The King's Speech

Among tried-and-true formulas for an effective, Oscar-candidate movie, the most reliable often concern either the activities of an ordinary person facing extraordinary circumstances or those of an extraordinary person challenged by the ordinary. Like The Queen before it, The King's Speech, a stately, carefully crafted specimen of a satisfying formula movie well positioned for the awards attention being heaped upon it, opts for the second variation and grounds the emotional drama in historical fact. In a performance of nuance and soul that would be more astonishing only if we hadn't become almost spoiled by expecting such quality from him, Colin Firth plays Prince Albert, who suddenly became Great Britain's King George VI when his older brother, King Edward VIII, abdicated the throne in 1936. King George was royalty, true. But he was also a private man whom his family called Bertie — and Bertie had a debilitating speech impediment that tormented him for much of his life. Even a king can have a common stutter, this sturdy backstairs-at-the-palace drama assures. Even a king could do with some trusted help. Even a king must find his own voice.

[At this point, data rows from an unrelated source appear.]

lemma bhattacharyya_Pi_pmf:
  assumes A: "finite A" and fin: "\<And>i. i \<in> A \<Longrightarrow> finite (set_pmf (p i))"
  shows "bhattacharyya (Pi_pmf A dflt p) (Pi_pmf A dflt q) = (\<Prod>i\<in>A. bhattacharyya (p i) (q i))"
proof -
  let ?B = "\<lambda>i. set_pmf (p i)"
  let ?e = "\<lambda>h x. if x \<in> A then h x else dflt"
  let ?r = "\<lambda>f. \<Prod>i\<in>A. sqrt (pmf (p i) (f i) * pmf (q i) (f i))"
  have sqrt_prod: "sqrt (prod g A) = (\<Prod>i\<in>A. sqrt (g i))" for g :: "'a \<Rightarrow> real"
    using A by (induct rule: finite_induct) (auto simp: real_sqrt_mult)
  have "bhattacharyya (Pi_pmf A dflt p) (Pi_pmf A dflt q) = (\<Sum>f\<in>PiE_dflt A dflt (set_pmf \<circ> p). ?r f)"
    unfolding bhattacharyya_def set_Pi_pmf[OF A]
    by (intro sum.cong refl)
       (auto simp: pmf_Pi[OF A] PiE_dflt_def prod.distrib[symmetric] sqrt_prod)
  also have "PiE_dflt A dflt (set_pmf \<circ> p) = ?e ` PiE A ?B"
    by (simp add: dflt_image_PiE[symmetric] o_def)
  also have "(\<Sum>f\<in>?e ` PiE A ?B. ?r f) = (\<Sum>h\<in>PiE A ?B. ?r h)"
  proof (subst sum.reindex)
    show "inj_on ?e (PiE A ?B)"
      by (auto simp: inj_on_def fun_eq_iff PiE_def extensional_def) metis
  qed (auto intro!: sum.cong prod.cong)
  also have "\<dots> = (\<Prod>i\<in>A. \<Sum>y\<in>?B i. sqrt (pmf (p i) y * pmf (q i) y))"
    by (rule prod_sum_PiE[symmetric]) (use A fin in auto)
  finally show ?thesis by (simp add: bhattacharyya_def)
qed

lemma sqrt_convex_comb_le:
  fixes a b p r :: real
  assumes "a \<ge> 0" "b \<ge> 0" "a + b = 1" "p \<ge> 0" "r \<ge> 0"
  shows "a * sqrt p + b * sqrt r \<le> sqrt (a * p + b * r)"
proof (rule real_le_rsqrt)
  have "a * p + b * r = (a + b) * (a * (sqrt p)\<^sup>2 + b * (sqrt r)\<^sup>2)"
    using assms by simp
  hence "a * p + b * r - (a * sqrt p + b * sqrt r)\<^sup>2 = a * b * (sqrt p - sqrt r)\<^sup>2"
    by (simp add: power2_eq_square algebra_simps)
  moreover have "a * b * (sqrt p - sqrt r)\<^sup>2 \<ge> 0" using assms by simp
  ultimately show "(a * sqrt p + b * sqrt r)\<^sup>2 \<le> a * p + b * r" by linarith
qed

text \<open>The binary channel with crossover weight \<open>b\<close> contracts the Hellinger integrand: write
  \<open>x - y = (a - b)(p - r)\<close> as a difference of squares and use \<open>sqrt p + sqrt r \<le> sqrt x + sqrt y\<close>,
  which is concavity of \<open>sqrt\<close>.\<close>
lemma sqrt_mixture_diff_sq_le:
  fixes a b p r :: real
  assumes ab: "a \<ge> 0" "b \<ge> 0" "a + b = 1" and pr: "p \<ge> 0" "r \<ge> 0"
  defines "x \<equiv> a * p + b * r" and "y \<equiv> b * p + a * r"
  shows "(sqrt x - sqrt y)\<^sup>2 \<le> (a - b)\<^sup>2 * (sqrt p - sqrt r)\<^sup>2"
proof (cases "sqrt p + sqrt r = 0")
  case True
  hence "p = 0" "r = 0" using pr by (simp_all add: add_nonneg_eq_0_iff)
  thus ?thesis by (simp add: x_def y_def)
next
  case False
  have xy: "x \<ge> 0" "y \<ge> 0" using ab pr by (simp_all add: x_def y_def)
  have W: "sqrt p + sqrt r > 0" using False pr by (simp add: add_pos_nonneg order_le_neq_trans)
  have "a * sqrt p + b * sqrt r \<le> sqrt x"
    unfolding x_def by (rule sqrt_convex_comb_le) (use ab pr in auto)
  moreover have "b * sqrt p + a * sqrt r \<le> sqrt y"
    unfolding y_def by (rule sqrt_convex_comb_le) (use ab pr in auto)
  moreover have "sqrt p + sqrt r = (a * sqrt p + b * sqrt r) + (b * sqrt p + a * sqrt r)"
    using ab by (metis add.commute add.left_commute distrib_right mult_1)
  ultimately have "(sqrt p + sqrt r)\<^sup>2 \<le> (sqrt x + sqrt y)\<^sup>2"
    using W by (intro power_mono) auto
  hence "(sqrt x - sqrt y)\<^sup>2 * (sqrt p + sqrt r)\<^sup>2 \<le> (sqrt x - sqrt y)\<^sup>2 * (sqrt x + sqrt y)\<^sup>2"
    by (intro mult_left_mono) auto
  also have "\<dots> = (x - y)\<^sup>2"
    using xy by (simp add: power_mult_distrib[symmetric] algebra_simps real_sqrt_mult_self)
  also have "x - y = (a - b) * ((sqrt p - sqrt r) * (sqrt p + sqrt r))"
    using pr by (simp add: x_def y_def algebra_simps real_sqrt_mult_self)
  also have "((a - b) * ((sqrt p - sqrt r) * (sqrt p + sqrt r)))\<^sup>2
             = ((a - b)\<^sup>2 * (sqrt p - sqrt r)\<^sup>2) * (sqrt p + sqrt r)\<^sup>2"
    by (simp add: power_mult_distrib)
  finally show ?thesis using W by (simp add: mult_le_cancel_right)
qed

lemma bhattacharyya_mixture:
  assumes f1: "finite (set_pmf P1)" and f0: "finite (set_pmf P0)"
    and ab: "a \<ge> 0" "b \<ge> 0" "a + b = 1"
    and K1: "\<And>x. pmf K1 x = a * pmf P1 x + b * pmf P0 x"
    and K0: "\<And>x. pmf K0 x = b * pmf P1 x + a * pmf P0 x"
  shows "1 - bhattacharyya K1 K0 \<le> (a - b)\<^sup>2 * (1 - bhattacharyya P1 P0)"
proof -
  define S where "S = set_pmf P1 \<union> set_pmf P0"
  have S: "finite S" "set_pmf P1 \<subseteq> S" "set_pmf P0 \<subseteq> S" using f1 f0 by (auto simp: S_def)
  have sK: "set_pmf K1 \<subseteq> S" "set_pmf K0 \<subseteq> S" by (auto simp: S_def set_pmf_eq K1 K0)
  have "(\<Sum>x\<in>S. (sqrt (pmf K1 x) - sqrt (pmf K0 x))\<^sup>2)
          \<le> (\<Sum>x\<in>S. (a - b)\<^sup>2 * (sqrt (pmf P1 x) - sqrt (pmf P0 x))\<^sup>2)"
    unfolding K1 K0 by (intro sum_mono sqrt_mixture_diff_sq_le) (use ab in auto)
  hence "2 * (1 - bhattacharyya K1 K0) \<le> (a - b)\<^sup>2 * (2 * (1 - bhattacharyya P1 P0))"
    by (simp add: sum_sqrt_pmf_diff_sq S sK flip: sum_distrib_left)
  thus ?thesis by (simp add: algebra_simps)
qed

In this monarch's case, unlikely help arrived in the person of Lionel Logue (Geoffrey Rush), a highly unorthodox, self-taught Australian speech therapist who ended up as much in the role of an informal shrink as that of an unlicensed pathologist. The king's resourceful wife, Elizabeth (Helena Bonham Carter) — the future Queen Mother — found Logue and introduced the two. And at least as dramatized history would have it, the relationship got off to a rocky start. Firth is front and center in this intelligent crowd-pleaser, and he endows Albert-turned-George with a poignant dignity even while exposing his past as a lonely little boy who grew up stammering in the shadow of his imperious father and dashing brother. But Firth's triumph is seamlessly linked to his generous give-and-take with Rush (agile and expressive as ever) and Bonham Carter (a gentle ball of fire). The trio is grounded in turn by the well-written (if sometimes stagy) screenplay of David Seidler, a journeyman TV writer now 73 years old, who was himself a childhood stutterer. And as directed by Tom Hooper (who presided over HBO's Emmy-winning series John Adams), The King's Speech is simultaneously cozy and majestic.

It's also, truth to tell, a little square. The title carries a double meaning: The king's speech itself is trapped inside the stuttering man and needs coaxing by Logue to emerge. And also, the movie climaxes with the fateful speech King George made to his subjects, rallying them on the eve of World War II. Lest the audience miss a cue, Hooper and soundtrack composer Alexandre Desplat count on the ringing grandeur of Beethoven's Seventh Symphony — the famous second movement, no less — to amp the emotions. With instincts like these, Oscar speeches are bound to follow.